Create another Session without incremental_streaming_enabled, or set it to false. The response should include:
{
  "incremental_streaming_enabled": false
}
After sending the same user.message, stream and history should contain full events such as agent.message and session.status_idle, but not the incremental event types listed above.

Parser Checklist

  • Treat SSE event: and JSON data.type as the public event type.
  • Reconstruct text by appending agent.content_block_delta.delta.text for events whose delta.type is text_delta.
  • Reconstruct thinking by appending agent.content_block_delta.delta.thinking for events whose delta.type is thinking_delta; a full compatibility agent.thinking event may still arrive later.
  • For tool input increments, check delta.type == "input_json_delta" and append delta.partial_json; do not expect a top-level tool_input_delta event.

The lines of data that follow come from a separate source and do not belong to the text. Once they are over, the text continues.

lemma diag_Inter_unbounded:
  assumes r: "Card_order r" and reg: "regularCard r" and nat: "|UNIV :: nat set| <o r"
    and G: "club (Field r) r G" and c: "\<And>i. i \<in> Field r \<Longrightarrow> club (Field r) r (c i)"
    and a: "a \<in> Field r"
  shows "\<exists>d\<in>diag_Inter r G c. strict_below r a d"
proof -
  (* d is the supremum of an \<omega>-chain in G whose gaps meet every c i with i below the gap,
     so closedness puts d into G and into each c i. *)
  define step where "step x y \<longleftrightarrow> y \<in> G \<and> strict_below r x y \<and>
      (\<forall>i\<in>under r x. \<exists>z\<in>c i. strict_below r x z \<and> (z, y) \<in> r)" for x y
  have "\<exists>y. step x y" if "x \<in> Field r" for x
    using exists_club_point_above_meeting_clubs[where c = c,
        OF r infinite_Field_if_nat_ordLess[OF r nat] reg G c that]
    unfolding step_def by blast
  then obtain next_point where next_point: "\<And>x. x \<in> Field r \<Longrightarrow> step x (next_point x)"
    by metis
  define s where "s n = (next_point ^^ n) a" for n
  have s_Field: "s n \<in> Field r" for n
    using a next_point club_subset[OF G] by (induction n) (auto simp: s_def step_def)
  have s_step: "step (s n) (s (Suc n))" for n
    using next_point[OF s_Field[of n]] by (simp add: s_def)
  then have s_strict: "strict_below r (s n) (s (Suc n))" for n
    unfolding step_def by blast
  obtain d where d: "d \<in> Field r" "\<And>n. strict_below r (s n) d"
      "\<And>b. strict_below r b d \<Longrightarrow> \<exists>n. strict_below r b (s n)"
    using exists_sup_of_strict_chain[where s = s, OF r reg nat s_strict] by blast
  have "(s (Suc n), s (Suc n)) \<in> r" for n
    using strict_chain_le[where s = s, OF r s_strict] by blast
  then have "d \<in> G"
    using club_mem_sup_of_interleaved_chain[where s = s and m = 0, OF r G s_strict d] s_step
    unfolding step_def by blast
  moreover have "d \<in> c i" if i: "strict_below r i d" for i
  proof -
    obtain m where m: "strict_below r i (s m)"
      using d(3)[OF i] by blast
    have "i \<in> under r (s n)" if "m \<le> n" for n
      using m strict_chain_le[where s = s, OF r s_strict that] strict_below_le_trans[OF r]
      unfolding strict_below_def under_def by blast
    then show ?thesis
      using club_mem_sup_of_interleaved_chain[where s = s and m = m,
          OF r c[OF strict_below_Field[OF i]] s_strict d]
        s_step unfolding step_def by blast
  qed
  ultimately show ?thesis
    using d(2)[of 0] unfolding diag_Inter_def s_def by auto
qed

lemma club_diag_Inter:
  assumes r: "Card_order r" and reg: "regularCard r" and nat: "|UNIV :: nat set| <o r"
    and G: "club (Field r) r G" and c: "\<And>i. i \<in> Field r \<Longrightarrow> club (Field r) r (c i)"
  shows "club (Field r) r (diag_Inter r G c)"
proof (rule clubI)
  show "diag_Inter r G c \<subseteq> Field r"
    using club_subset[OF G] unfolding diag_Inter_def by blast
  show "\<exists>d\<in>diag_Inter r G c. strict_below r a d" if "a \<in> Field r" for a
    by (rule diag_Inter_unbounded[OF r reg nat G c that])
  show "a \<in> diag_Inter r G c" if "a \<in> Field r" "limit_point r (diag_Inter r G c) a" for a
    by (rule diag_Inter_closed[OF r G c that])
qed

section \<open>The least cardinal at which the power set jumps\<close>

lemma card_of_Pow_mono: "|A| \<le>o |B| \<Longrightarrow> |Pow A| \<le>o |Pow B|"
proof -
  assume "|A| \<le>o |B|"
  then obtain f where f: "inj_on f A" "f ` A \<subseteq> B"
    using card_of_ordLeq by metis
  have "inj_on (image f) (Pow A)" "image f ` Pow A \<subseteq> Pow B"
    using f inj_on_image_Pow by blast+
  then show ?thesis
    using card_of_ordLeq by metis
qed

lemma ordLess_if_Pow_ordLess: "|Pow A| <o |Pow B| \<Longrightarrow> |A| <o |B|"
  using card_of_Pow_mono not_ordLess_ordLeq ordLess_or_ordLeq[OF card_of_Well_order card_of_Well_order]
  by blast

lemma card_of_Times_ordLess:
  assumes A: "|A| <o r" and B: "|B| <o r" and infB: "\<not> finite B"
  shows "|A \<times> B| <o r"
proof (cases "|A| \<le>o |B|")
  case True
  have "|A \<times> B| \<le>o |B \<times> B|"
    using True card_of_Times_mono1 by blast
  also have "|B \<times> B| =o |B|"
    using card_of_Times_same_infinite[OF infB] .
  finally show ?thesis
    using B ordLeq_ordLess_trans by blast
next
  case False
  then have BA: "|B| \<le>o |A|"
    using ordLess_or_ordLeq[OF card_of_Well_order card_of_Well_order] ordLess_imp_ordLeq by blast
  then have "\<not> finite A"
    using infB card_of_ordLeq_finite by blast
  have "|A \<times> B| \<le>o |A \<times> A|"
    using BA card_of_Times_mono2 by blast
  also have "|A \<times> A| =o |A|"
    using card_of_Times_same_infinite[OF \<open>\<not> finite A\<close>] .
  finally show ?thesis
    using A ordLeq_ordLess_trans by blast
qed

lemma Pow_ordLeq_if_ordLess:
  fixes r :: "'a rel" and X :: "'c set"
  assumes small: "\<And>A :: 'a set. |A| <o r \<Longrightarrow> |Pow A| \<le>o M" and X: "|X| <o r"
  shows "|Pow X| \<le>o M"
proof -
  obtain A :: "'a set" where "|X| =o |A|" "|A| <o r"
    using internalize_card_of_ordLess[THEN iffD1, OF X] by blast
  then show ?thesis
    using small card_of_Pow_mono[OF ordIso_imp_ordLeq] ordLeq_transitive by blast
qed

lemma Pow_Field_ordLeq_Pow_Times_cofinal:
  fixes r :: "'a rel" and B :: "'b set"
  assumes K: "K \<subseteq> Field r" "cofinal K r"
    and traces: "\<And>k. k \<in> K \<Longrightarrow> |Pow (underS r k)| \<le>o |Pow B|"
  shows "|Pow (Field r)| \<le>o |Pow (K \<times> B)|"
proof -
  have "\<forall>k\<in>K. \<exists>e. inj_on e (Pow (underS r k)) \<and> e ` Pow (underS r k) \<subseteq> Pow B"
    using traces card_of_ordLeq by blast
  then obtain E where E: "\<And>k. k \<in> K \<Longrightarrow> inj_on (E k) (Pow (underS r k)) \<and> E k ` Pow (underS r k) \<subseteq> Pow B"
    by metis
  define code where "code X = {(k, b). k \<in> K \<and> b \<in> E k (X \<inter> underS r k)}" for X
  (* A subset of Field r is determined by its traces below the points of K. *)
  have "inj_on code (Pow (Field r))"
  proof (rule inj_onI)
    fix X Y assume X: "X \<in> Pow (Field r)" and Y: "Y \<in> Pow (Field r)" and eq: "code X = code Y"
    have traces_eq: "X \<inter> underS r k = Y \<inter> underS r k" if k: "k \<in> K" for k
    proof -
      have "E k (X \<inter> underS r k) = E k (Y \<inter> underS r k)"
        using eq k unfolding code_def by (auto simp: set_eq_iff)
      then show ?thesis
        using E[OF k] unfolding inj_on_def by blast
    qed
    have "\<exists>k\<in>K. a \<in> underS r k" if "a \<in> Field r" for a
      using K(2) that unfolding cofinal_def underS_def by blast
    then show "X = Y"
      using X Y traces_eq by blast
  qed
  moreover have "code ` Pow (Field r) \<subseteq> Pow (K \<times> B)"
    using E unfolding code_def by blast
  ultimately show ?thesis
    using card_of_ordLeq by metis
qed
(* Let $\nu\in(0,1)$ and $t>0$. For integers $m\ge0$ put $g_m(t):=t^{(1-2^{-m})\nu}f_\nu\big(t^{2^{-m}}\big)$ (so $g_0(t)=f_\nu(t)$). Then for every $m\in\mathbb{N}$, $$t^\nu\le g_m(t)\le g_{m-1}(t),$$ i.e. $$t^\nu\le\cdots\le t^{(1-\frac{1}{2^m})\nu}f_\nu\big(t^{\frac1{2^m}}\big)\le t^{(1-\frac{1}{2^{m-1}})\nu}f_\nu\big(t^{\frac1{2^{m-1}}}\big)\le\cdots\le t^{\frac{3\nu}{4}}f_\nu\big(t^{\frac14}\big)\le t^{\frac{\nu}{2}}f_\nu\big(t^{\frac12}\big)\le f_\nu(t),$$ and moreover $g_m(t)\to t^\nu$ as $m\to\infty$.
   Context: For $\nu\in(0,1)$, $f_\nu(t):=\dfrac{1}{\log t}\left\{\dfrac{1-\nu}{\nu}(t^\nu-1)+\dfrac{\nu}{1-\nu}(t-t^\nu)\right\}$ for $t>0$, $t\ne1$, and $f_\nu(1):=1$ (this is the weighted logarithmic mean $L_\nu(1,t)$). *)

theory Defs
  imports "HOL-Analysis.Analysis"
begin

definition f_nu :: "real \<Rightarrow> real \<Rightarrow> real" where
  "f_nu \<nu> t = (if t = 1 then 1 else
     (1 / ln t) * ((1 - \<nu>) / \<nu> * (t powr \<nu> - 1) + \<nu> / (1 - \<nu>) * (t - t powr \<nu>)))"

definition g_m :: "real \<Rightarrow> nat \<Rightarrow> real \<Rightarrow> real" where
  "g_m \<nu> m t = t powr ((1 - 1 / 2 ^ m) * \<nu>) * f_nu \<nu> (t powr (1 / 2 ^ m))"

end

theory Submission
  imports Defs "HOL-Real_Asymp.Real_Asymp"
begin

text \<open>
  The whole chain comes from one inequality, \<open>s\<^sup>\<nu> f\<^sub>\<nu>(s) \<le> f\<^sub>\<nu>(s\<^sup>2)\<close>, applied with
  \<open>s = t\<^bsup>1/2\<^sup>m\<^esup>\<close>. Writing \<open>a = s\<^sup>\<nu>\<close>, the difference \<open>f\<^sub>\<nu>(s\<^sup>2) - s\<^sup>\<nu> f\<^sub>\<nu>(s)\<close> factors as
  \<open>(\<nu>(s-a) - (1-\<nu>)(a-1)) (\<nu>(s-a) + (1-\<nu>)(a-1)) / (2\<nu>(1-\<nu>) ln s)\<close>: the first
  factor is nonnegative by Young's inequality \<open>s\<^sup>\<nu> \<le> \<nu>s + 1 - \<nu>\<close>, and the second has
  the sign of \<open>ln s\<close> because \<open>a\<close> lies between \<open>1\<close> and \<open>s\<close>. The sequence is therefore
  decreasing, and it converges to \<open>t\<^sup>\<nu> f\<^sub>\<nu>(1) = t\<^sup>\<nu>\<close> by continuity of \<open>f\<^sub>\<nu>\<close> at \<open>1\<close>,
  which also gives the lower bound.
\<close>

lemma f_nu_eq:
  "t \<noteq> 1 \<Longrightarrow> f_nu \<nu> t = ((1 - \<nu>) / \<nu> * (t powr \<nu> - 1) + \<nu> / (1 - \<nu>) * (t - t powr \<nu>)) / ln t"
  by (simp add: f_nu_def)

lemma f_nu_tendsto_1:
  fixes \<nu> :: real
  assumes "0 < \<nu>" "\<nu> < 1"
  shows "(f_nu \<nu> \<longlongrightarrow> 1) (at 1)"
proof -
  have "((\<lambda>y. ((1 - \<nu>) / \<nu> * (y powr \<nu> - 1) + \<nu> / (1 - \<nu>) * (y - y powr \<nu>)) / ln y)
          \<longlongrightarrow> 1) (at 1)"
    using assms by (real_asymp simp: field_simps)
  moreover have "\<forall>\<^sub>F y in at 1.
      ((1 - \<nu>) / \<nu> * (y powr \<nu> - 1) + \<nu> / (1 - \<nu>) * (y - y powr \<nu>)) / ln y = f_nu \<nu> y"
    by (auto simp: eventually_at_filter f_nu_eq)
  ultimately show ?thesis
    by (rule Lim_transform_eventually)
qed

lemma isCont_f_nu_1:
  fixes \<nu> :: real
  assumes "0 < \<nu>" "\<nu> < 1"
  shows "isCont (f_nu \<nu>) 1"
  using f_nu_tendsto_1[OF assms] by (simp add: isCont_def f_nu_def)

lemma weighted_powr_gaps_div_ln_nonneg:
  fixes \<nu> s :: real
  assumes "0 < \<nu>" "\<nu> < 1" "0 < s"
  shows "0 \<le> (\<nu> * (s - s powr \<nu>) + (1 - \<nu>) * (s powr \<nu> - 1)) / ln s"
proof (cases "1 < s")
  case True
  have "1 \<le> s powr \<nu>" using True assms by (simp add: ge_one_powr_ge_zero)
  moreover have "s powr \<nu> \<le> s" using powr_mono[of \<nu> 1 s] True assms by simp
  ultimately show ?thesis using True assms by (simp add: divide_nonneg_pos)
next
  case False
  have "s powr \<nu> \<le> 1" using False assms by (simp add: powr_le1)
  moreover have "s \<le> s powr \<nu>" using powr_mono'[of \<nu> 1 s] False assms by simp
  ultimately have "\<nu> * (s - s powr \<nu>) + (1 - \<nu>) * (s powr \<nu> - 1) \<le> 0"
    using assms by (simp add: mult_nonneg_nonpos mult_nonpos_nonneg add_nonpos_nonpos)
  moreover have "ln s \<le> 0" using False assms by simp
  ultimately show ?thesis by (rule divide_nonpos_nonpos)
qed

lemma powr_mult_f_nu_le_f_nu_square:
  fixes \<nu> s :: real
  assumes nu: "0 < \<nu>" "\<nu> < 1" and s: "0 < s"
  shows "s powr \<nu> * f_nu \<nu> s \<le> f_nu \<nu> (s\<^sup>2)"
proof (cases "s = 1")
  case True
  then show ?thesis by (simp add: f_nu_def)
next
  case False
  define a where "a = s powr \<nu>"
  define p where "p = (1 - \<nu>) / \<nu>"
  define q where "q = \<nu> / (1 - \<nu>)"
  have "s\<^sup>2 \<noteq> 1" using s False by (simp add: power2_eq_1_iff)
  moreover have "(s\<^sup>2) powr \<nu> = a\<^sup>2" using s by (simp add: a_def power2_eq_square powr_mult)
  moreover have "ln (s\<^sup>2) = 2 * ln s" using s by (simp add: ln_realpow)
  ultimately have rhs: "f_nu \<nu> (s\<^sup>2) = (p * (a\<^sup>2 - 1) + q * (s\<^sup>2 - a\<^sup>2)) / (2 * ln s)"
    by (simp add: f_nu_eq p_def q_def)
  have lhs: "s powr \<nu> * f_nu \<nu> s = a * (p * (a - 1) + q * (s - a)) / ln s"
    using False by (simp add: f_nu_eq a_def p_def q_def)
  define X where "X = \<nu> * (s - a) - (1 - \<nu>) * (a - 1)"
  define Y where "Y = \<nu> * (s - a) + (1 - \<nu>) * (a - 1)"
  have "ln s \<noteq> 0" using s False by simp
  hence "f_nu \<nu> (s\<^sup>2) - s powr \<nu> * f_nu \<nu> s = (q * (s - a)\<^sup>2 - p * (a - 1)\<^sup>2) / (2 * ln s)"
    unfolding lhs rhs by (simp add: field_simps power2_eq_square)
  also have "\<dots> = X * (Y / ln s) / (2 * \<nu> * (1 - \<nu>))"
    using nu by (simp add: X_def Y_def p_def q_def field_simps power2_eq_square)
  finally have diff: "f_nu \<nu> (s\<^sup>2) - s powr \<nu> * f_nu \<nu> s = X * (Y / ln s) / (2 * \<nu> * (1 - \<nu>))" .
  have "a \<le> \<nu> * s + (1 - \<nu>)"
    using Youngs_inequality_0[of \<nu> "1 - \<nu>" s 1] nu s by (simp add: a_def)
  hence "0 \<le> X" by (simp add: X_def algebra_simps)
  moreover have "0 \<le> Y / ln s"
    using weighted_powr_gaps_div_ln_nonneg[OF nu s] by (simp add: Y_def a_def)
  ultimately have "0 \<le> X * (Y / ln s) / (2 * \<nu> * (1 - \<nu>))"
    using nu by (metis divide_nonneg_pos mult_nonneg_nonneg mult_pos_pos diff_gt_0_iff_gt zero_less_numeral)
  with diff show ?thesis by linarith
qed

lemma g_m_Suc_le:
  fixes \<nu> t :: real
  assumes nu: "0 < \<nu>" "\<nu> < 1" and t: "0 < t"
  shows "g_m \<nu> (Suc k) t \<le> g_m \<nu> k t"
proof -
  define s where "s = t powr (1 / 2 ^ Suc k)"
  define c where "c = t powr ((1 - 1 / 2 ^ k) * \<nu>)"
  have s_pos: "0 < s" using t by (simp add: s_def)
  have "s\<^sup>2 = t powr (1 / 2 ^ k)"
    using t by (simp add: s_def powr_power)
  hence g_k: "g_m \<nu> k t = c * f_nu \<nu> (s\<^sup>2)" by (simp add: g_m_def c_def)
  have "c * s powr \<nu> = t powr ((1 - 1 / 2 ^ k) * \<nu> + \<nu> / 2 ^ Suc k)"
    by (simp add: c_def s_def powr_powr powr_add)
  also have "(1 - 1 / 2 ^ k) * \<nu> + \<nu> / 2 ^ Suc k = (1 - 1 / 2 ^ Suc k) * \<nu>"
    by (simp add: field_simps)
  finally have "g_m \<nu> (Suc k) t = c * (s powr \<nu> * f_nu \<nu> s)"
    by (simp add: g_m_def s_def mult.assoc)
  also have "\<dots> \<le> c * f_nu \<nu> (s\<^sup>2)"
    by (simp add: c_def mult_left_mono powr_mult_f_nu_le_f_nu_square[OF nu s_pos])
  finally show ?thesis by (simp add: g_k)
qed

lemma g_m_tendsto:
  fixes \<nu> t :: real
  assumes nu: "0 < \<nu>" "\<nu> < 1" and t: "0 < t"
  shows "(\<lambda>m. g_m \<nu> m t) \<longlonglongrightarrow> t powr \<nu>"
proof -
  have inv_pow2: "(\<lambda>m. 1 / 2 ^ m :: real) \<longlonglongrightarrow> 0"
    by real_asymp
  have "(\<lambda>m. t powr ((1 - 1 / 2 ^ m) * \<nu>)) \<longlonglongrightarrow> t powr ((1 - 0) * \<nu>)"
    using t by (intro tendsto_intros inv_pow2) auto
  moreover have "(\<lambda>m. t powr (1 / 2 ^ m)) \<longlonglongrightarrow> t powr 0"
    using t by (intro tendsto_intros inv_pow2) auto
  hence "(\<lambda>m. f_nu \<nu> (t powr (1 / 2 ^ m))) \<longlonglongrightarrow> f_nu \<nu> 1"
    using isCont_tendsto_compose[OF isCont_f_nu_1[OF nu]] t by simp
  ultimately show ?thesis
    unfolding g_m_def using tendsto_mult by (fastforce simp: f_nu_def)
qed

theorem corollary2p10:
  fixes \<nu> t :: real
  assumes "0 < \<nu>" and "\<nu> < 1" and "0 < t"
  shows "(\<forall>m::nat. m \<ge> 1 \<longrightarrow> t powr \<nu> \<le> g_m \<nu> m t \<and> g_m \<nu> m t \<le> g_m \<nu> (m - 1) t)
         \<and> ((\<lambda>m. g_m \<nu> m t) \<longlonglongrightarrow> t powr \<nu>)"
proof -
  have step: "g_m \<nu> (Suc k) t \<le> g_m \<nu> k t" for k
    using g_m_Suc_le assms by blast
  have lim: "(\<lambda>m. g_m \<nu> m t) \<longlonglongrightarrow> t powr \<nu>"
    using g_m_tendsto assms by blast
  have "decseq (\<lambda>m. g_m \<nu> m t)"
    using step by (simp add: decseq_Suc_iff)
  hence "t powr \<nu> \<le> g_m \<nu> m t" for m
    using decseq_ge lim by blast
  moreover have "g_m \<nu> m t \<le> g_m \<nu> (m - 1) t" if "m \<ge> 1" for m
    using step[of "m - 1"] that by simp
  ultimately show ?thesis using lim by blast
qed

end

  • tool_output_delta is not emitted yet; tool execution results return as full agent.tool_result events.
  • Track index to keep multiple content blocks separate.
  • Treat processed_at as optional on agent-generated events.
  • Keep listening after session.status_idle if the client supports multiple turns on the same connection.
  • Reconnect with Last-Event-ID after network drops.